What this creates is a huge amount of effort for us as consumers to make decisions, and when you multiply that time and time again (for the bathroom, the bedroom, the three sides of a living room and the ‘feature’ wall, the shades of granite for your kitchen worktops, etc.) the cognitive functions of the brain begin to tire. This leads in part to something called heuristics, which we’ll cover in a later post, as well as some poor decision making.

Marketing and Decision Fatigue

There are numerous good examples of where marketers and big business utilise decision fatigue to increase sales, particularly of impulse purchases. One which we’ll all be aware of is the confectionary counter at the check-out of a shop. By the time you’ve trawled around Asda (Wal-Mart for our American readers) for an hour, deciding on the healthiest version of peanut butter, the lowest calorie jam (Jelly, in the US) and whether you want brown, white, seeded or gluten free bread, all the time trying to make the best decisions for your family, by the time you arrive at the counter, you are far more likely to make a ‘bad’ decision and purchase a sugary snack – and probably to rationalise it as a reward for making all the other good decisions.
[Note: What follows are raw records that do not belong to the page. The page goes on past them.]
(* Let $T$ be a singular weighted tree with adjacency matrix $A$. Then $A$ and $A^{\#}$ have the same zero–nonzero pattern if and only if $T$ is a weighted star.
   Context: A weighted tree has a nonzero real weight on each edge; its adjacency matrix $A$ has $(i,j)$ entry equal to the weight of edge $v_iv_j$, or $0$ if no edge; $T$ is singular if $A$ is singular. $A^{\#}$ is the group inverse of $A$, the unique $X$ with $AXA=A$, $XAX=X$, $AX=XA$. *)

theory Defs
  imports "Jordan_Normal_Form.Determinant"
begin

text \<open>Vertices of a weighted tree on n vertices are 0..n-1; the tree is given by
its (real, symmetric) adjacency matrix A: the entry A(i,j) is the (nonzero) weight of
edge {i,j}, or 0 if there is no such edge.\<close>

definition adj :: "nat \<Rightarrow> real mat \<Rightarrow> nat \<Rightarrow> nat \<Rightarrow> bool" where
  "adj n A i j \<longleftrightarrow> i < n \<and> j < n \<and> i \<noteq> j \<and> A $$ (i, j) \<noteq> 0"

definition graph_connected :: "nat \<Rightarrow> real mat \<Rightarrow> bool" where
  "graph_connected n A \<longleftrightarrow> (\<forall>i<n. \<forall>j<n. (adj n A)\<^sup>*\<^sup>* i j)"

definition is_cycle :: "nat \<Rightarrow> real mat \<Rightarrow> nat list \<Rightarrow> bool" where
  "is_cycle n A vs \<longleftrightarrow> length vs \<ge> 3 \<and> distinct vs \<and>
     (\<forall>k. Suc k < length vs \<longrightarrow> adj n A (vs ! k) (vs ! Suc k)) \<and>
     adj n A (last vs) (hd vs)"

definition graph_acyclic :: "nat \<Rightarrow> real mat \<Rightarrow> bool" where
  "graph_acyclic n A \<longleftrightarrow> (\<nexists>vs. is_cycle n A vs)"

definition weighted_tree :: "nat \<Rightarrow> real mat \<Rightarrow> bool" where
  "weighted_tree n A \<longleftrightarrow> n \<ge> 1 \<and> A \<in> carrier_mat n n \<and>
     (\<forall>i<n. \<forall>j<n. A $$ (i, j) = A $$ (j, i)) \<and> (\<forall>i<n. A $$ (i, i) = 0) \<and>
     graph_connected n A \<and> graph_acyclic n A"

definition weighted_star :: "nat \<Rightarrow> real mat \<Rightarrow> bool" where
  "weighted_star n A \<longleftrightarrow> weighted_tree n A \<and> (\<exists>c<n. \<forall>j<n. j \<noteq> c \<longrightarrow> adj n A c j)"

definition is_group_inverse :: "nat \<Rightarrow> real mat \<Rightarrow> real mat \<Rightarrow> bool" where
  "is_group_inverse n A X \<longleftrightarrow> X \<in> carrier_mat n n \<and>
     A * X * A = A \<and> X * A * X = X \<and> A * X = X * A"

definition group_inverse :: "nat \<Rightarrow> real mat \<Rightarrow> real mat" where
  "group_inverse n A = (THE X. is_group_inverse n A X)"

definition same_pattern :: "nat \<Rightarrow> real mat \<Rightarrow> real mat \<Rightarrow> bool" where
  "same_pattern n A B \<longleftrightarrow> (\<forall>i<n. \<forall>j<n. (A $$ (i, j) = 0) \<longleftrightarrow> (B $$ (i, j) = 0))"

end

theory Submission
  imports Defs
begin

(* The adjacency matrix A of a weighted tree is real symmetric, so A^2 x = 0 forces A x = 0.  A linear
   dependence among the powers of A, divided by the power of A at its lowest term, therefore gives
   A = A^2 Z, and then Z^T A Z is the group inverse.  If T is a star with centre c, then A^3 = s A with
   s the sum of the squared weights, so A^# = A / s has the pattern of A.  If T is not a star, it
   contains a path a b c d; as this is the only walk of length three from a to d, any X with the
   pattern of A has (A X A)_ad = A_ab X_bc A_cd <> 0 = A_ad, so A X A <> A. *)

lemma index_mult_mat_sum:
  assumes "A \<in> carrier_mat n n" "B \<in> carrier_mat n n" "i < n" "j < n"
  shows "(A * B) $$ (i, j) = (\<Sum>k<n. A $$ (i, k) * B $$ (k, j))"
  using assms by (simp add: scalar_prod_def lessThan_atLeast0)

lemma sum_sum_eq_single:
  fixes f :: "'a \<Rightarrow> 'b \<Rightarrow> 'c :: comm_monoid_add"
  assumes "finite K" "finite L" "b \<in> K" "c \<in> L"
    and "\<And>k l. k \<in> K \<Longrightarrow> l \<in> L \<Longrightarrow> f k l \<noteq> 0 \<Longrightarrow> k = b \<and> l = c"
  shows "(\<Sum>l\<in>L. \<Sum>k\<in>K. f k l) = f b c"
proof -
  have zero_cols: "\<forall>l\<in>L - {c}. (\<Sum>k\<in>K. f k l) = 0"
    using assms(5) by (blast intro: sum.neutral)
  have zero_row: "\<forall>k\<in>K - {b}. f k c = 0"
    using assms(4,5) by blast
  have "(\<Sum>l\<in>L. \<Sum>k\<in>K. f k l) = (\<Sum>l\<in>{c}. \<Sum>k\<in>K. f k l)"
    by (rule sum.mono_neutral_right[OF assms(2) _ zero_cols]) (use assms(4) in simp)
  also have "\<dots> = (\<Sum>k\<in>K. f k c)" by simp
  also have "\<dots> = (\<Sum>k\<in>{b}. f k c)"
    by (rule sum.mono_neutral_right[OF assms(1) _ zero_row]) (use assms(3) in simp)
  finally show ?thesis by simp
qed

definition mat_lincomb ::
    "nat \<Rightarrow> ('b \<Rightarrow> 'a :: comm_ring_1) \<Rightarrow> 'b set \<Rightarrow> ('b \<Rightarrow> 'a mat) \<Rightarrow> 'a mat" where
  "mat_lincomb n c K F = mat n n (\<lambda>(i, j). \<Sum>k\<in>K. c k * F k $$ (i, j))"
This is also the same reason why people who diet often cave in a huge way; rather than having one little treat a day for instance, they use all their cognitive energy concentrating on only eating healthy, low calorie food. By 8pm on the fifth day, the cumulative effort of doing so eventually breaks the walls and they make a bad decision; in the UK, we call this a kebab.

Perhaps worryingly, this trait doesn’t only apply to food and relatively banal consumer products, but also to far more important things in life like doctors and judicial decision making. A study in the United States from Shai Danzigera, Jonathan Levav and Liora Avnaim-Pesso suggests that in parole decisions (decisions involving a huge amount of consideration and cognitive effort), as the day goes on, the number of favourable decision drops gradually from around two thirds to almost zero. Something to bear in mind!